Assignment
Start at the line below containing "(* For every" and stop at the line containing "Summing f over". Repeat every line of that stretch exactly, and nothing outside it.

(Stored data entries)
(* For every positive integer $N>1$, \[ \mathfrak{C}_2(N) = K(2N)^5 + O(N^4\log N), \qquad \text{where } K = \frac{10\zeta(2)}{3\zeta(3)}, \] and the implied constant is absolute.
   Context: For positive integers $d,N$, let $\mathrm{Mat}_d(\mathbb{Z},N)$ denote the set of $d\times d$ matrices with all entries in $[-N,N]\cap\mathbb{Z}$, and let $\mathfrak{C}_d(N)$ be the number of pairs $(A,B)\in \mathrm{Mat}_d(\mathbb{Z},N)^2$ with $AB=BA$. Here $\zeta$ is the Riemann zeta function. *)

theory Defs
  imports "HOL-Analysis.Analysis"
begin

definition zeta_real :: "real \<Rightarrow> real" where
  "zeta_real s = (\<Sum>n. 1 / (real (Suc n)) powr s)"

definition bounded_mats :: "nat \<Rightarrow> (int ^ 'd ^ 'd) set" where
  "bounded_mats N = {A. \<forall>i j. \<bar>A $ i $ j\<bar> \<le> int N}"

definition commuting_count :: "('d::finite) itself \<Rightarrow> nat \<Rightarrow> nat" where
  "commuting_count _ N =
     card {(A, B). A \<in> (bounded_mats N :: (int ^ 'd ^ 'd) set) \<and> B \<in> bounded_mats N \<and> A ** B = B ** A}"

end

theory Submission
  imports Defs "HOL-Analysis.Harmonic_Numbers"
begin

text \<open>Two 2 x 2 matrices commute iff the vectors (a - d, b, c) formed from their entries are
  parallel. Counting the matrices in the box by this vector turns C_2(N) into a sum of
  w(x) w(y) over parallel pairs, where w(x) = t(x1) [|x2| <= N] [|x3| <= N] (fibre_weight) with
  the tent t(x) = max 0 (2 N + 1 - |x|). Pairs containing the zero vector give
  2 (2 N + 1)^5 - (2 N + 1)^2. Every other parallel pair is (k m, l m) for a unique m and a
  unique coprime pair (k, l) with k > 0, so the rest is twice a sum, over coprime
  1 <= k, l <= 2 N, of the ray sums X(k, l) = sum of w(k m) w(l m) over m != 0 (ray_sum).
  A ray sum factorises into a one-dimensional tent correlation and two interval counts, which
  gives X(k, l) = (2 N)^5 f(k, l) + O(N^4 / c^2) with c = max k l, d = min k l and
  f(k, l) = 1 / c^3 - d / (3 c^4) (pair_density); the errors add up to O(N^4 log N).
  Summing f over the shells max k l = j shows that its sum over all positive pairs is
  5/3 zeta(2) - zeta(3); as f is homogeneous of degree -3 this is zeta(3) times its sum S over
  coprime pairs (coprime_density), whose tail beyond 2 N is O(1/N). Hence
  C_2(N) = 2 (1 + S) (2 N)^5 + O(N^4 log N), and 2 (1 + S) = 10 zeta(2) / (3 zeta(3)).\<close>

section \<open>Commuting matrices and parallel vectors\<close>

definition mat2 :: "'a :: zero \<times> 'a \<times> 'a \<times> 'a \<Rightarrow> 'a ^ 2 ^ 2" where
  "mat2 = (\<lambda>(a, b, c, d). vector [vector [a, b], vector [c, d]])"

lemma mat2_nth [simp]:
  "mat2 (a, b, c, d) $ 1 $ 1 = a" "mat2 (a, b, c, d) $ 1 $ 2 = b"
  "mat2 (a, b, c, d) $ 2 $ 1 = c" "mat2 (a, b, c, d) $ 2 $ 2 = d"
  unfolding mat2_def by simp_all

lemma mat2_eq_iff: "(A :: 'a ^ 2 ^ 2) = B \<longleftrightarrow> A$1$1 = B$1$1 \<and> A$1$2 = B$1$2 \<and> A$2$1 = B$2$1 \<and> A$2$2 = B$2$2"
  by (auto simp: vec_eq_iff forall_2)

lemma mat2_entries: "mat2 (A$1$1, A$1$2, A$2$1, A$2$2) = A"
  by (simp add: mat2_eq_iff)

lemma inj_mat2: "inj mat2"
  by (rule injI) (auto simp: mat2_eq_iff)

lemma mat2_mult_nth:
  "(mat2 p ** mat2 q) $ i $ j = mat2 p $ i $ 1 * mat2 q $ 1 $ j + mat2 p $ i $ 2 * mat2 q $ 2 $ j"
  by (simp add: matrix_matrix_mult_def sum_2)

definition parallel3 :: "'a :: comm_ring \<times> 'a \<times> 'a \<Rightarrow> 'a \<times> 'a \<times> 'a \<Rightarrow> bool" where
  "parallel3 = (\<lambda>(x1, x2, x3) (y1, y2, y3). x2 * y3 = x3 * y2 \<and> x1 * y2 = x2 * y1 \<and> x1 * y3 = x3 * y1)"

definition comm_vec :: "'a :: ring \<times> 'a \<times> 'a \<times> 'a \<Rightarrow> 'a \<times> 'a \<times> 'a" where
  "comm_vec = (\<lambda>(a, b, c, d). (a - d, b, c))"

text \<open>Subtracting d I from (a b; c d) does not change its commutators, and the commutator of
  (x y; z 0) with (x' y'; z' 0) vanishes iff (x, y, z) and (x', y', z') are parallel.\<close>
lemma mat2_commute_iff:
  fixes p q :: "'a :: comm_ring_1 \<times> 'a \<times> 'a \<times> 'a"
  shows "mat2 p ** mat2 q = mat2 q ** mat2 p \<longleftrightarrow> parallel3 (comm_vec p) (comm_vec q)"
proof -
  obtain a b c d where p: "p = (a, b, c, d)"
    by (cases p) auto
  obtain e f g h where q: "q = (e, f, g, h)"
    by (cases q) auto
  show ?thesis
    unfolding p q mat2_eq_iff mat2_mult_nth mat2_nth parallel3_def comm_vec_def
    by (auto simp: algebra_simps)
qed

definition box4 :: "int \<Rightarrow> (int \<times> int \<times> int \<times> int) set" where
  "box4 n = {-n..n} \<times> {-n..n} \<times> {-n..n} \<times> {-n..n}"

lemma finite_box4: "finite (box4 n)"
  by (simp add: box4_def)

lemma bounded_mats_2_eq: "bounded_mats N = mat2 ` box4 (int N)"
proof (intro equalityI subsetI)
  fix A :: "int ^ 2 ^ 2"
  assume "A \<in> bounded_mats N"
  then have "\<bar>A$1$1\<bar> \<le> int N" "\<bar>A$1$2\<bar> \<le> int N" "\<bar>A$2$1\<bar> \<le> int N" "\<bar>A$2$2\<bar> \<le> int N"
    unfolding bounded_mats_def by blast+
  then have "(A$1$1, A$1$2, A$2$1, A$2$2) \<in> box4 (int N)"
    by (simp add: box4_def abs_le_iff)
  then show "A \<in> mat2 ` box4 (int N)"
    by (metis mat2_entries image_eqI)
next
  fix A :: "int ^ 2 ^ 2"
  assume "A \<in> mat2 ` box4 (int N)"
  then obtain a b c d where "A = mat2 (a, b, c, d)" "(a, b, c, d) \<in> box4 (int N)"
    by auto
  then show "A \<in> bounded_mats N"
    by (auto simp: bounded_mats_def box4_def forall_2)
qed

...

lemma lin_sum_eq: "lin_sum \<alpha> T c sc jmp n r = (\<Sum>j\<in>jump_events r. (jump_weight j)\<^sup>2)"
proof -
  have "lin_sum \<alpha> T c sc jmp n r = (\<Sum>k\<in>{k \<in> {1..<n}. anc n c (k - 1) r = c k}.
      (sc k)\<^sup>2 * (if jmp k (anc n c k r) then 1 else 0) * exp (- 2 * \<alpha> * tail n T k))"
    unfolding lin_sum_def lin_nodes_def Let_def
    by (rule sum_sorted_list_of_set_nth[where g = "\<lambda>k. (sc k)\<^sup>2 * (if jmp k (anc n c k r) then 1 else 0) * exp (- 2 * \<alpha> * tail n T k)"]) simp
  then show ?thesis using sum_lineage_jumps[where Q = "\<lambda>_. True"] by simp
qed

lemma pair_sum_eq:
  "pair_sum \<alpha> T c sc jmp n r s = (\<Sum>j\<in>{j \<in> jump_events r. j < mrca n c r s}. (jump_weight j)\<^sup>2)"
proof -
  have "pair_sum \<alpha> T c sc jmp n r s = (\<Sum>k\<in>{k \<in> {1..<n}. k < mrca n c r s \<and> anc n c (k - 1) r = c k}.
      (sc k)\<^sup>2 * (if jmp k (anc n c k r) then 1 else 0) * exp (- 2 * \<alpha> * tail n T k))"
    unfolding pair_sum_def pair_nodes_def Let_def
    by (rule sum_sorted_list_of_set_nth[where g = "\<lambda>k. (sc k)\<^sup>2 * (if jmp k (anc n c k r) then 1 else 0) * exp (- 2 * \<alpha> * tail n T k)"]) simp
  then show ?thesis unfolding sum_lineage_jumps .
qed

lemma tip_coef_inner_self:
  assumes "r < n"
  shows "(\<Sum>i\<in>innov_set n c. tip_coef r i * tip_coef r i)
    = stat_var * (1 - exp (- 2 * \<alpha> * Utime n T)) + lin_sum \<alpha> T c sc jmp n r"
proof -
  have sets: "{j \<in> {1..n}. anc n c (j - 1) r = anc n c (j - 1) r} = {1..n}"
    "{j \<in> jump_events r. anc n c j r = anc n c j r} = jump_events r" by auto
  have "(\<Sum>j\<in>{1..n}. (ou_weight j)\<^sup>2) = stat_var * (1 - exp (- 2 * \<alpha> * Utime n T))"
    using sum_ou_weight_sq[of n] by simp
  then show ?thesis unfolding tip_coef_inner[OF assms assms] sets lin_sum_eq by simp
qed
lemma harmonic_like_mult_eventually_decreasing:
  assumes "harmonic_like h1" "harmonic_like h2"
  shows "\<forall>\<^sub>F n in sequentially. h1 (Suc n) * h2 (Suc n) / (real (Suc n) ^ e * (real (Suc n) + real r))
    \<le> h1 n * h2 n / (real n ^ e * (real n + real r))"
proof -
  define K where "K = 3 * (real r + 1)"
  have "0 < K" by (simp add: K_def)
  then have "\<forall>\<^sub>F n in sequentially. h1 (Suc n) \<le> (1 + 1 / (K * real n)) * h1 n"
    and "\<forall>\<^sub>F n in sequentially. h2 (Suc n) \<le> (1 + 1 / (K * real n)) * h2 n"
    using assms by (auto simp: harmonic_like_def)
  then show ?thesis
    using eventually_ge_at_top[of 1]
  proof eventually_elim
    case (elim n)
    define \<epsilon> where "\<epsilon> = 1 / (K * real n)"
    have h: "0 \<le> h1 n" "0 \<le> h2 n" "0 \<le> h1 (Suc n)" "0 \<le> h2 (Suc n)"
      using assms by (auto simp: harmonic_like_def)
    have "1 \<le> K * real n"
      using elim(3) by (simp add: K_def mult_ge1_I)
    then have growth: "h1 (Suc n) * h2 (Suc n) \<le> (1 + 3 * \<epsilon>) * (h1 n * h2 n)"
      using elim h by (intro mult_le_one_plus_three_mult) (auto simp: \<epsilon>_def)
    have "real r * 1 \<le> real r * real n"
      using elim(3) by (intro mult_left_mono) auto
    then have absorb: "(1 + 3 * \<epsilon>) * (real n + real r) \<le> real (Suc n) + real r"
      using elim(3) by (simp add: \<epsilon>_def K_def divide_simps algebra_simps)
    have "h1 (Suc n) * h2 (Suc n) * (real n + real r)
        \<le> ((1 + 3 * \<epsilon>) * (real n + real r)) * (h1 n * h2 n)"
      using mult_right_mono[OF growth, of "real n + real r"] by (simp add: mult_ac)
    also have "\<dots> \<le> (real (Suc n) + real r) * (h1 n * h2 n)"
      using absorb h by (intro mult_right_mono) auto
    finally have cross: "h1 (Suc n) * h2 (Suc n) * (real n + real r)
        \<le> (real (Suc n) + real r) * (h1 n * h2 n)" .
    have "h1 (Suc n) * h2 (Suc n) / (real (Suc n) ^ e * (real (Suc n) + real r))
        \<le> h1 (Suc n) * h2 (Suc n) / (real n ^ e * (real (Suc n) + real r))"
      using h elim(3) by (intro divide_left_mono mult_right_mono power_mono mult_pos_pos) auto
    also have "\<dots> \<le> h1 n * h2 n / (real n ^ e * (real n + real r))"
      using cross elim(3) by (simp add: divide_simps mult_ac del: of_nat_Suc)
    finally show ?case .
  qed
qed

Task result
(* For every positive integer $N>1$, \[ \mathfrak{C}_2(N) = K(2N)^5 + O(N^4\log N), \qquad \text{where } K = \frac{10\zeta(2)}{3\zeta(3)}, \] and the implied constant is absolute.
   Context: For positive integers $d,N$, let $\mathrm{Mat}_d(\mathbb{Z},N)$ denote the set of $d\times d$ matrices with all entries in $[-N,N]\cap\mathbb{Z}$, and let $\mathfrak{C}_d(N)$ be the number of pairs $(A,B)\in \mathrm{Mat}_d(\mathbb{Z},N)^2$ with $AB=BA$. Here $\zeta$ is the Riemann zeta function. *)

theory Defs
  imports "HOL-Analysis.Analysis"
begin

definition zeta_real :: "real \<Rightarrow> real" where
  "zeta_real s = (\<Sum>n. 1 / (real (Suc n)) powr s)"

definition bounded_mats :: "nat \<Rightarrow> (int ^ 'd ^ 'd) set" where
  "bounded_mats N = {A. \<forall>i j. \<bar>A $ i $ j\<bar> \<le> int N}"

definition commuting_count :: "('d::finite) itself \<Rightarrow> nat \<Rightarrow> nat" where
  "commuting_count _ N =
     card {(A, B). A \<in> (bounded_mats N :: (int ^ 'd ^ 'd) set) \<and> B \<in> bounded_mats N \<and> A ** B = B ** A}"

end

theory Submission
  imports Defs "HOL-Analysis.Harmonic_Numbers"
begin

text \<open>Two 2 x 2 matrices commute iff the vectors (a - d, b, c) formed from their entries are
  parallel. Counting the matrices in the box by this vector turns C_2(N) into a sum of
  w(x) w(y) over parallel pairs, where w(x) = t(x1) [|x2| <= N] [|x3| <= N] (fibre_weight) with
  the tent t(x) = max 0 (2 N + 1 - |x|). Pairs containing the zero vector give
  2 (2 N + 1)^5 - (2 N + 1)^2. Every other parallel pair is (k m, l m) for a unique m and a
  unique coprime pair (k, l) with k > 0, so the rest is twice a sum, over coprime
  1 <= k, l <= 2 N, of the ray sums X(k, l) = sum of w(k m) w(l m) over m != 0 (ray_sum).
  A ray sum factorises into a one-dimensional tent correlation and two interval counts, which
  gives X(k, l) = (2 N)^5 f(k, l) + O(N^4 / c^2) with c = max k l, d = min k l and
  f(k, l) = 1 / c^3 - d / (3 c^4) (pair_density); the errors add up to O(N^4 log N).
  Summing f over the shells max k l = j shows that its sum over all positive pairs is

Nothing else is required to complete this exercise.